J walked in first, gave me the usual ‘hi dad’ and a hug – and my lovely daughter R was standing here on the doorstep, looking nervous and a bit uneasy. She had dyed her hair blue, had pierced her nose and lower lip and had massive ear-rings actually embedded into the full ear lobe. I could see she continues to struggle with her weight. But I just thought she looked lovely. I remembered at that moment what you had said – that the alienation between a parent and child will lift in an instant, as if it had never been there. I stepped forward and gave her a hug and she came in and sat down and we watched TV, I went to pick up the Christmas tree, we then all went shopping in Bromley, came home and had a nice meal and then R went home. Before she went home, though, just as she was watching TV, she just said in a very matter-of-fact sort of way, ‘Dad, would it be OK for me to stay here a couple of nights a week so I can walk up to college?’

Within a week she was staying two nights a week and now stays two or three nights a week. She is an amazing young woman, studying hard for her A levels, including in philosophy, and we have lots of thinking-type conversations. She is so caring, so lovely, she has really found herself and knows who she is and where she is going and I am very proud to call her my daughter. I lost about 14 months with her, time she needed to take, but time that has made her an amazing person, wise beyond her years.

We’ve not had any big ‘why did you stay away’ type conversations, no blame, no recriminations, no explanations really, it just was what it was and now that phase has ended and R is back in my life. We sometimes go to the pictures together (still not sure what the Hunger Games is all about), haven’t met the boyfriend yet, but just having her back in my life is the most amazing thing. She said to me this week, ‘Dad, I’ve got a study month at college in May, can I stay here five nights a week’. I rented this flat so she could have access to college, so it is here for her as she prepares for her all-important A levels this year.

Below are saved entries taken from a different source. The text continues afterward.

text \<open>The witness is the permutation representation on the cosets of N: N acts trivially, while
  h moves the coset N, so fewer than all cosets are fixed by h.\<close>
lemma coset_perm_rep:
  fixes G (structure)
  assumes "group G" and "finite (carrier G)" and N: "N \<lhd> G"
    and h: "h \<in> carrier G" and "h \<notin> N"
  obtains d \<rho> where "is_rep G d \<rho>" "\<forall>n \<in> N. \<rho> n = 1\<^sub>m d" "mat_trace (\<rho> h) \<noteq> of_nat d"
proof -
  interpret group G by fact
  have sub: "subgroup N G" using N normal_imp_subgroup by blast
  have Nc: "N \<subseteq> carrier G" using subgroup.subset[OF sub] .
  have "finite (rcosets N)"
    using rcosets_subset_PowG[OF sub] assms(2) by (meson finite_Pow_iff finite_subset)
  then obtain cs where cs: "set cs = rcosets N" "distinct cs" using finite_distinct_list by blast
  define \<rho> where "\<rho> x = (perm_mat cs (\<lambda>C. C #> x) :: complex mat)" for x
  have "is_rep G (length cs) \<rho>"
    unfolding \<rho>_def by (rule coset_perm_is_rep[OF assms(1) sub cs])
  moreover have "\<rho> n = 1\<^sub>m (length cs)" if "n \<in> N" for n
  proof -
    have "perm_mat cs (\<lambda>C. C #> n) = (perm_mat cs id :: complex mat)"
      using rcosets_r_coset_normal[OF N _ that] cs(1) by (intro perm_mat_cong) simp
    then show ?thesis using perm_mat_id[OF cs(2)] by (simp add: \<rho>_def)
  qed
  moreover have "mat_trace (\<rho> h) \<noteq> of_nat (length cs)"
  proof -
    have "N \<in> set cs" using cs(1) rcosetsI[OF Nc one_closed] coset_mult_one[OF Nc] by simp
    then obtain i0 where i0: "i0 < length cs" "cs ! i0 = N" by (auto simp: in_set_conv_nth)
    have "N #> h \<noteq> N" using rcos_self[OF h sub] \<open>h \<notin> N\<close> by auto
    then have "{i. i < length cs \<and> cs ! i #> h = cs ! i} \<subseteq> {..<length cs} - {i0}"
      using i0 by auto
    then have "card {i. i < length cs \<and> cs ! i #> h = cs ! i} \<le> card ({..<length cs} - {i0})"
      by (intro card_mono) auto
    also have "\<dots> < length cs" using i0 by simp
    finally show ?thesis by (simp add: \<rho>_def mat_trace_perm_mat)
  qed
  ultimately show thesis using that by blast
qed

lemma irr_rep_commuting_scalar:
  assumes irr: "irr_rep G n \<rho>" and C: "C \<in> carrier_mat n n"
    and comm: "\<And>x. x \<in> carrier G \<Longrightarrow> C * \<rho> x = \<rho> x * C"
  shows "\<exists>c. C = c \<cdot>\<^sub>m 1\<^sub>m n"
proof -
  have \<rho>: "is_rep G n \<rho>" and "0 < n" using irr by (auto simp: irr_rep_def)
  obtain lam where "eigenvalue C lam"
    using spectrum_non_empty[OF C \<open>0 < n\<close>] unfolding spectrum_def by auto
  then obtain v where "eigenvector C v lam" unfolding eigenvalue_def by auto
  then have v: "v \<in> carrier_vec n" "v \<noteq> 0\<^sub>v n" "C *\<^sub>v v = lam \<cdot>\<^sub>v v"
    using C unfolding eigenvector_def by auto
  define W where "W = {w \<in> carrier_vec n. C *\<^sub>v w = lam \<cdot>\<^sub>v w}"
  have "invariant_subspace G n \<rho> W"
    unfolding invariant_subspace_def
  proof (intro conjI ballI allI)
    show "W \<subseteq> carrier_vec n" and "0\<^sub>v n \<in> W" using C by (auto simp: W_def)
  next
    fix a b assume "a \<in> W" "b \<in> W"
    then show "a + b \<in> W"
      using C by (auto simp: W_def mult_add_distrib_mat_vec smult_add_distrib_vec)
  next
    fix c a assume "a \<in> W"
    then show "c \<cdot>\<^sub>v a \<in> W"
      using C by (auto simp: W_def mult_mat_vec smult_smult_assoc mult.commute)
  next
    fix g a assume g: "g \<in> carrier G" and a: "a \<in> W"
    have rg: "\<rho> g \<in> carrier_mat n n" using is_rep_carrier[OF \<rho> g] .
    have ac: "a \<in> carrier_vec n" and Ca: "C *\<^sub>v a = lam \<cdot>\<^sub>v a" using a by (auto simp: W_def)
    have "C *\<^sub>v (\<rho> g *\<^sub>v a) = (C * \<rho> g) *\<^sub>v a" using C rg ac by simp
    also have "\<dots> = (\<rho> g * C) *\<^sub>v a" using comm[OF g] by simp
    also have "\<dots> = \<rho> g *\<^sub>v (lam \<cdot>\<^sub>v a)" using C rg ac Ca by simp
    also have "\<dots> = lam \<cdot>\<^sub>v (\<rho> g *\<^sub>v a)" using rg ac by (simp add: mult_mat_vec)
    finally show "\<rho> g *\<^sub>v a \<in> W" using rg ac by (simp add: W_def)
  qed
  moreover have "W \<noteq> {0\<^sub>v n}" using v by (auto simp: W_def)
  ultimately have W: "W = carrier_vec n" using irr by (auto simp: irr_rep_def)
  have "C = lam \<cdot>\<^sub>m 1\<^sub>m n"
  proof (rule eq_matI)
    fix i j assume ij: "i < dim_row (lam \<cdot>\<^sub>m 1\<^sub>m n)" "j < dim_col (lam \<cdot>\<^sub>m 1\<^sub>m n)"
    have "unit_vec n j \<in> W" using W ij by simp
    then have "(C *\<^sub>v unit_vec n j) $ i = (lam \<cdot>\<^sub>v unit_vec n j) $ i" unfolding W_def by simp
    then show "C $$ (i, j) = (lam \<cdot>\<^sub>m 1\<^sub>m n) $$ (i, j)" using C ij by simp
  qed (use C in auto)
  then show ?thesis by blast
qed

lemma smult_one_mat_pow: "(c \<cdot>\<^sub>m 1\<^sub>m n) ^\<^sub>m k = (c ^ k) \<cdot>\<^sub>m (1\<^sub>m n :: 'a::comm_ring_1 mat)"
proof (induct k)
  case (Suc k)
  have "(c ^ k) \<cdot>\<^sub>m 1\<^sub>m n * (c \<cdot>\<^sub>m 1\<^sub>m n) = (c ^ Suc k) \<cdot>\<^sub>m (1\<^sub>m n :: 'a mat)"
  proof (rule eq_matI)
    fix i j assume ij: "i < dim_row ((c ^ Suc k) \<cdot>\<^sub>m (1\<^sub>m n :: 'a mat))"
      "j < dim_col ((c ^ Suc k) \<cdot>\<^sub>m (1\<^sub>m n :: 'a mat))"
    have "((c ^ k) \<cdot>\<^sub>m 1\<^sub>m n * (c \<cdot>\<^sub>m 1\<^sub>m n)) $$ (i, j)
        = (\<Sum>l \<in> {0..<n}. c ^ k * (if l = i then 1 else 0) * (c * (if l = j then 1 else 0)))"
      using ij by (simp add: scalar_prod_def)
    also have "\<dots> = (\<Sum>l \<in> {0..<n}. if l = i then (if i = j then c ^ k * c else 0) else 0)"
      by (rule sum.cong) auto
    also have "\<dots> = (if i = j then c ^ k * c else 0)" using ij by (simp add: sum.delta)
    finally show "((c ^ k) \<cdot>\<^sub>m 1\<^sub>m n * (c \<cdot>\<^sub>m 1\<^sub>m n)) $$ (i, j) = ((c ^ Suc k) \<cdot>\<^sub>m (1\<^sub>m n :: 'a mat)) $$ (i, j)"
      using ij by (simp add: mult.commute)
  qed auto
  then show ?case using Suc by simp
qed (intro eq_matI, auto)

text \<open>By Schur's lemma \<rho> g is a scalar matrix, and its scalar is a root of unity.\<close>
lemma irr_rep_commuting_in_char_center:
  assumes "group G" and "finite (carrier G)" and irr: "irr_rep G n \<rho>" and g: "g \<in> carrier G"
    and comm: "\<And>x. x \<in> carrier G \<Longrightarrow> \<rho> g * \<rho> x = \<rho> x * \<rho> g"
  shows "g \<in> char_center G (rep_char G n \<rho>)"
proof -
  have \<rho>: "is_rep G n \<rho>" and "0 < n" using irr by (auto simp: irr_rep_def)
  obtain c where c: "\<rho> g = c \<cdot>\<^sub>m 1\<^sub>m n"
    using irr_rep_commuting_scalar[OF irr is_rep_carrier[OF \<rho> g] comm] by blast
  have "(c ^ group.ord G g) \<cdot>\<^sub>m 1\<^sub>m n = (1\<^sub>m n :: complex mat)"
    using is_rep_pow_ord[OF assms(1,2) \<rho> g] by (simp add: c smult_one_mat_pow)
  then have "((c ^ group.ord G g) \<cdot>\<^sub>m 1\<^sub>m n) $$ (0, 0) = (1\<^sub>m n :: complex mat) $$ (0, 0)"
    by simp
  then have "c ^ group.ord G g = 1" using \<open>0 < n\<close> by simp
  moreover have "0 < group.ord G g" using group.ord_ge_1[OF assms(1,2) g] by simp
  ultimately have "cmod c = 1" using power_eq_1_iff[of c "group.ord G g"] by auto
  then have "cmod (rep_char G n \<rho> g) = of_nat n"
    using g c by (simp add: rep_char_def norm_mult)
  then show ?thesis
    using g rep_char_one[OF assms(1) \<rho>] by (simp add: char_center_def)
qed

I just wanted to thank you, Karen, because you give people real advice about real situations and you set a real expectation for what they can hope for, but you also fill people with hope, real hope, that eventually our children return to us. I have had barely a taste of what some people (mostly men) endure, often years of silence from their children, losing them as toddlers and only having them return as young adults, and that must be utterly heart-breaking. I have had just a tiny taste of that, and it was at times unbearable, but your advice to hope, to keep in touch as best you can, to be ready for when they return, was a real life-saver. So thank you for all that you do.